# Wanted.....Owner Operator w/Plow in DelCo Pa.



## Turbodiesel (Aug 5, 2008)

I 'm looking for someone to clean several small lots around delaware county .

Top fast pay (c.o.d.) with in a week.  Serious inquiries only. 

If interested call 610 457-9721


----------



## Turbodiesel (Aug 5, 2008)

.....................................................


----------



## rebelplow (Jan 30, 2008)

C.O.D. = you are paid once the service (plowing) is complete..... not a week later 

maybe clarify your payment schedule, and you might get some bites.


----------



## Turbodiesel (Aug 5, 2008)

rebelplow;738598 said:


> C.O.D. = you are paid once the service (plowing) is complete..... not a week later
> 
> maybe clarify your payment schedule, and you might get some bites.
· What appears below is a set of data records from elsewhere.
lemma card_le_length_if_inj_on_Pow:
  fixes f :: "'a set \<Rightarrow> bool list"
  assumes "finite B" "inj_on f (Pow B)" "\<forall>E\<in>Pow B. length (f E) = L"
  shows "card B \<le> L"
proof -
  have "2 ^ card B = card (f ` Pow B)"
    using assms by (simp add: card_image card_Pow)
  also have "\<dots> \<le> card {xs :: bool list. set xs \<subseteq> UNIV \<and> length xs = L}"
    using assms(3) by (intro card_mono finite_lists_length_eq) auto
  also have "\<dots> = 2 ^ L"
    using card_lists_length_eq[of "UNIV :: bool set" L] by simp
  finally show ?thesis by simp
qed

lemma file_indicator_in_file_space:
  assumes "E \<subseteq> {1..N} \<times> {..<F}"
  shows "(\<lambda>n j. (n, j) \<in> E) \<in> file_space N F"
  using assms unfolding file_space_def by auto

definition missed_bits :: "(nat \<Rightarrow> (nat \<times> nat) set) \<Rightarrow> nat \<Rightarrow> (nat \<Rightarrow> nat) \<Rightarrow> (nat \<Rightarrow> nat) \<Rightarrow> nat \<Rightarrow> nat set" where
  "missed_bits S F d u i = {j\<in>{..<F}. \<forall>k\<in>u ` {1..i}. (d (u i), j) \<notin> S k}"

lemma missed_bits_subset:
  assumes "d \<in> demands N K" "u ` {1..m} \<subseteq> {1..K}"
  shows "(\<Union>i\<in>{1..m}. Pair (d (u i)) ` missed_bits S F d u i) \<subseteq> {1..N} \<times> {..<F}"
  using assms unfolding missed_bits_def demands_def by fastforce

text \<open>Users u 1, u 2, ... decode in this order: the bits in the cache of u i that are not known
  in advance are missed bits of earlier users.\<close>

lemma uncoded_scheme_successive_decoding:
  fixes u :: "nat \<Rightarrow> nat" and m :: nat
  assumes scheme: "uncoded_scheme N K M F S X L" and d: "d \<in> demands N K"
    and u: "u ` {1..m} \<subseteq> {1..K}"
  defines "B \<equiv> \<Union>i\<in>{1..m}. Pair (d (u i)) ` missed_bits S F d u i"
  assumes E1: "E1 \<subseteq> B" and E2: "E2 \<subseteq> B"
    and same_broadcast: "X d (\<lambda>n j. (n, j) \<in> E1) = X d (\<lambda>n j. (n, j) \<in> E2)"
    and "i \<in> {1..m}" "j < F"
  shows "(d (u i), j) \<in> E1 \<longleftrightarrow> (d (u i), j) \<in> E2"
  using \<open>i \<in> {1..m}\<close> \<open>j < F\<close>
proof (induction i arbitrary: j rule: less_induct)
  case (less i)
  have "x \<in> E1 \<longleftrightarrow> x \<in> E2" if "x \<in> S (u i)" for x
  proof (cases "x \<in> B")
    case True
    then obtain i' j' where i': "i' \<in> {1..m}" "j' < F" "x = (d (u i'), j')"
      and missed: "\<forall>k\<in>u ` {1..i'}. x \<notin> S k"
      unfolding B_def missed_bits_def by auto
    have "i' < i"
      using missed \<open>x \<in> S (u i)\<close> less.prems(1) by (metis atLeastAtMost_iff image_eqI not_le)
    with less.IH i' show ?thesis by simp
  next
    case False
    with E1 E2 show ?thesis by auto
  qed
  hence same_cache: "cache_content (S (u i)) (\<lambda>n j. (n, j) \<in> E1) = cache_content (S (u i)) (\<lambda>n j. (n, j) \<in> E2)"
    unfolding cache_content_def by (auto simp: fun_eq_iff)
  have files: "(\<lambda>n j. (n, j) \<in> E) \<in> file_space N F" if "E \<subseteq> B" for E
    using that missed_bits_subset[OF d u] unfolding B_def
    by (intro file_indicator_in_file_space) (rule subset_trans)
  have "u i \<in> {1..K}" using u less.prems(1) by blast
  have "(\<lambda>n j. (n, j) \<in> E1) (d (u i)) j = (\<lambda>n j. (n, j) \<in> E2) (d (u i)) j"
    using files[OF E1] files[OF E2] same_broadcast same_cache less.prems(2)
    by (rule uncoded_scheme_decode_eq[OF scheme d \<open>u i \<in> {1..K}\<close>])
  thus ?case by simp
qed

lemma uncoded_scheme_inj_on_missed_bits:
  fixes u :: "nat \<Rightarrow> nat" and m :: nat
  assumes scheme: "uncoded_scheme N K M F S X L" and d: "d \<in> demands N K"
    and u: "u ` {1..m} \<subseteq> {1..K}"
  defines "B \<equiv> \<Union>i\<in>{1..m}. Pair (d (u i)) ` missed_bits S F d u i"
  shows "inj_on (\<lambda>E. X d (\<lambda>n j. (n, j) \<in> E)) (Pow B)"
proof (rule inj_onI, unfold Pow_iff)
  fix E1 E2 assume E1: "E1 \<subseteq> B" and E2: "E2 \<subseteq> B"
    and same_broadcast: "X d (\<lambda>n j. (n, j) \<in> E1) = X d (\<lambda>n j. (n, j) \<in> E2)"
  show "E1 = E2"
  proof (intro set_eqI)
    fix x
    show "x \<in> E1 \<longleftrightarrow> x \<in> E2"
    proof (cases "x \<in> B")
      case True
      then obtain i j where ij: "i \<in> {1..m}" "j < F" and x: "x = (d (u i), j)"
        unfolding B_def missed_bits_def by auto
      have "(d (u i), j) \<in> E1 \<longleftrightarrow> (d (u i), j) \<in> E2"
        using E1 E2 same_broadcast ij unfolding B_def
        by (rule uncoded_scheme_successive_decoding[OF scheme d u])
      with x show ?thesis by simp
    next
      case False
      with E1 E2 show ?thesis by auto
    qed
  qed
qed

lemma uncoded_scheme_cut_set_bound:
  fixes u :: "nat \<Rightarrow> nat" and m :: nat
  assumes scheme: "uncoded_scheme N K M F S X L" and d: "d \<in> demands N K"
    and u: "u ` {1..m} \<subseteq> {1..K}" and distinct_files: "inj_on (\<lambda>i. d (u i)) {1..m}"
  shows "(\<Sum>i=1..m. card (missed_bits S F d u i)) \<le> L d"
proof -
  define B where "B = (\<Union>i\<in>{1..m}. Pair (d (u i)) ` missed_bits S F d u i)"
  have "card B = (\<Sum>i=1..m. card (Pair (d (u i)) ` missed_bits S F d u i))"
    unfolding B_def using distinct_files
    by (intro card_UN_disjoint) (auto simp: missed_bits_def dest: inj_onD)
  also have "\<dots> = (\<Sum>i=1..m. card (missed_bits S F d u i))"
    by (intro sum.cong refl card_image) (simp add: inj_on_def)
  finally have "card B = (\<Sum>i=1..m. card (missed_bits S F d u i))" .
  moreover have "card B \<le> L d"
  proof (rule card_le_length_if_inj_on_Pow)
    show "finite B" unfolding B_def missed_bits_def by auto
    show "inj_on (\<lambda>E. X d (\<lambda>n j. (n, j) \<in> E)) (Pow B)"
      using scheme d u unfolding B_def by (rule uncoded_scheme_inj_on_missed_bits)
    have "\<forall>W\<in>file_space N F. length (X d W) = L d"
      using scheme d unfolding uncoded_scheme_def by blast
    moreover have "(\<lambda>n j. (n, j) \<in> E) \<in> file_space N F" if "E \<subseteq> B" for E
      using that missed_bits_subset[OF d u] unfolding B_def
      by (intro file_indicator_in_file_space) (rule subset_trans)
    ultimately show "\<forall>E\<in>Pow B. length (X d (\<lambda>n j. (n, j) \<in> E)) = L d"
      by blast
  qed
  ultimately show ?thesis by simp
qed

lemma uncoded_scheme_cut_set_bound_permuted:
  fixes u :: "nat \<Rightarrow> nat" and m :: nat
  assumes scheme: "uncoded_scheme N K M F S X L" and d: "d \<in> demands N K"
    and \<sigma>: "\<sigma> permutes {1..K}"
    and u: "u ` {1..m} \<subseteq> {1..K}" and distinct_files: "inj_on (\<lambda>i. d (u i)) {1..m}"
  shows "(\<Sum>i=1..m. card {j\<in>{..<F}. \<sigma> ` storing_users S K (d (u i)) j \<inter> u ` {1..i} = {}})
       \<le> L (d \<circ> \<sigma>)"
proof -
  define v where "v = inv \<sigma> \<circ> u"
  have dv: "(d \<circ> \<sigma>) (v i) = d (u i)" for i
    unfolding v_def by (simp add: permutes_inverses(1)[OF \<sigma>])
  have v: "v ` {1..m} \<subseteq> {1..K}"
    unfolding v_def using u permutes_in_image[OF permutes_inv[OF \<sigma>]] by auto
  have image_iff_inv: "x \<in> \<sigma> ` T \<longleftrightarrow> inv \<sigma> x \<in> T" for x T
    using bij_image_Collect_eq[OF permutes_bij[OF \<sigma>], of "\<lambda>x. x \<in> T"] by simp
  have "inj_on (\<lambda>i. (d \<circ> \<sigma>) (v i)) {1..m}"
    using distinct_files by (simp only: dv)
  with scheme demands_comp_permutes[OF d \<sigma>] v
  have "(\<Sum>i=1..m. card (missed_bits S F (d \<circ> \<sigma>) v i)) \<le> L (d \<circ> \<sigma>)"
    by (rule uncoded_scheme_cut_set_bound)
  moreover have missed_eq: "missed_bits S F (d \<circ> \<sigma>) v i
      = {j\<in>{..<F}. \<sigma> ` storing_users S K (d (u i)) j \<inter> u ` {1..i} = {}}" if "i \<in> {1..m}" for i
  proof -
    have v_image: "v ` {1..i} = inv \<sigma> ` u ` {1..i}"
      by (simp add: v_def image_comp)
    have "v ` {1..i} \<subseteq> {1..K}"
      using v \<open>i \<in> {1..m}\<close> by auto
    hence "inv \<sigma> x \<in> {1..K}" if "x \<in> u ` {1..i}" for x
      using that unfolding v_image by blast
    moreover have "\<sigma> ` storing_users S K (d (u i)) j \<inter> u ` {1..i} = {}
        \<longleftrightarrow> (\<forall>x\<in>u ` {1..i}. inv \<sigma> x \<notin> storing_users S K (d (u i)) j)" for j
      by (simp only: disjoint_iff image_iff_inv) blast
    ultimately show ?thesis
      unfolding missed_bits_def dv v_image storing_users_def by auto
  qed
  moreover have "(\<Sum>i=1..m. card (missed_bits S F (d \<circ> \<sigma>) v i))
      = (\<Sum>i=1..m. card {j\<in>{..<F}. \<sigma> ` storing_users S K (d (u i)) j \<inter> u ` {1..i} = {}})"
    using missed_eq by (intro sum.cong refl) simp
  ultimately show ?thesis by simp
qed

lemma R_lb_attained:
  assumes "finite D"
  obtains \<pi> where "bij_betw \<pi> {1..card D} D"
    and "R_lb K D a = (\<Sum>l=0..K-1. \<Sum>i=1..card D. real ((K - i) choose l) * a (\<pi> i) l)"
proof -
  define f where "f \<pi> = (\<Sum>l=0..K-1. \<Sum>i=1..card D. real ((K - i) choose l) * a (\<pi> i) l)"
    for \<pi> :: "nat \<Rightarrow> nat"
  define candidates where "candidates = {f \<pi> | \<pi>. bij_betw \<pi> {1..card D} D}"
  have "candidates \<subseteq> f ` ({1..card D} \<rightarrow>\<^sub>E D)"
  proof
    fix v assume "v \<in> candidates"
    then obtain \<pi> where \<pi>: "bij_betw \<pi> {1..card D} D" "v = f \<pi>"
      unfolding candidates_def by blast
    have "f (restrict \<pi> {1..card D}) = f \<pi>"
      unfolding f_def by (intro sum.cong refl) simp
    moreover have "restrict \<pi> {1..card D} \<in> {1..card D} \<rightarrow>\<^sub>E D"
      using \<pi>(1) by (auto simp: bij_betw_def)
    ultimately show "v \<in> f ` ({1..card D} \<rightarrow>\<^sub>E D)"
      using \<pi>(2) by (metis image_eqI)
  qed
  hence "finite candidates"
    by (rule finite_subset) (intro finite_imageI finite_PiE assms, simp)
  moreover have "candidates \<noteq> {}"
    using ex_bij_betw_nat_finite_1[OF assms] unfolding candidates_def by blast
  ultimately have "Max candidates \<in> candidates"
    by (rule Max_in)
  then obtain \<pi> where \<pi>: "bij_betw \<pi> {1..card D} D" and "Max candidates = f \<pi>"
    unfolding candidates_def by blast
  moreover have "R_lb K D a = Max candidates"
    unfolding R_lb_def candidates_def f_def ..
  ultimately have "R_lb K D a = f \<pi>"
    by simp
  with \<pi> show ?thesis
    unfolding f_def by (rule that)
qed

lemma R_lb_attained_by_users:
  obtains u where "u ` {1..card (distinct_demands K d)} \<subseteq> {1..K}"
    and "inj_on (\<lambda>i. d (u i)) {1..card (distinct_demands K d)}"
    and "R_lb K (distinct_demands K d) a
       = (\<Sum>i=1..card (distinct_demands K d). \<Sum>l=0..K-1. real ((K - i) choose l) * a (d (u i)) l)"
proof -
  define D where "D = distinct_demands K d"
  have "finite D" unfolding D_def distinct_demands_def by simp
  then obtain \<pi> where \<pi>: "bij_betw \<pi> {1..card D} D"
    and R_lb: "R_lb K D a = (\<Sum>l=0..K-1. \<Sum>i=1..card D. real ((K - i) choose l) * a (\<pi> i) l)"
    by (rule R_lb_attained)
  have "\<forall>i\<in>{1..card D}. \<exists>k. k \<in> {1..K} \<and> \<pi> i = d k"
    using \<pi> unfolding D_def distinct_demands_def bij_betw_def by blast
  then obtain u where u: "\<forall>i\<in>{1..card D}. u i \<in> {1..K} \<and> \<pi> i = d (u i)"
    by (auto dest!: bchoice)
  have "inj_on \<pi> {1..card D}" using \<pi> by (simp add: bij_betw_def)
  moreover have "inj_on \<pi> {1..card D} = inj_on (\<lambda>i. d (u i)) {1..card D}"
    using u by (intro inj_on_cong) simp
  moreover have "R_lb K D a = (\<Sum>l=0..K-1. \<Sum>i=1..card D. real ((K - i) choose l) * a (d (u i)) l)"
    unfolding R_lb using u by (intro sum.cong refl) simp
  hence "R_lb K D a = (\<Sum>i=1..card D. \<Sum>l=0..K-1. real ((K - i) choose l) * a (d (u i)) l)"
    by (rule trans[OF _ sum.swap])
  moreover have "u ` {1..card D} \<subseteq> {1..K}" using u by auto
  ultimately show ?thesis
    using that unfolding D_def by simp
qed

lemma sum_scheme_placement_binomial:
  assumes "F \<ge> 1" "1 \<le> i" "i \<le> K"
  shows "real F * (\<Sum>l=0..K-1. real ((K - i) choose l) * scheme_placement S K F n l)
       = (\<Sum>j<F. real ((K - i) choose card (storing_users S K n j))
           / real (K choose card (storing_users S K n j)))"
proof -
  have "(\<Sum>l=0..K-1. real ((K - i) choose l) * scheme_placement S K F n l)
      = (\<Sum>l=0..K. real ((K - i) choose l) * scheme_placement S K F n l)"
    using assms(2,3) by (cases K) (simp_all add: atLeast0_atMost_Suc)
  thus ?thesis using sum_scheme_placement[OF \<open>F \<ge> 1\<close>] by simp
qed

lemma card_permutes_storing_users_disjoint:
  assumes "U \<subseteq> {1..K}"
  shows "real (card {\<sigma>. \<sigma> permutes {1..K} \<and> \<sigma> ` storing_users S K n j \<inter> U = {}})
       = fact K * real ((K - card U) choose card (storing_users S K n j))
           / real (K choose card (storing_users S K n j))"
  using card_permutes_image_disjoint[OF _ storing_users_subset assms] by simp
you planning to come down from the twin biggies?


----------



## rebelplow (Jan 30, 2008)

I might just have to, it's been a few weeks since I've been out plowing. Getting kinda cooped up sitting around watching food network. I'd take the pay in Primanti Bros, Pat's, and Genos steaks. Well the tv says those places are supposed to be good at least.


----------



## Turbodiesel (Aug 5, 2008)

*Believe me , they're over rated . stay put my man...that rodent says a 6 more healthy weeks to go*


----------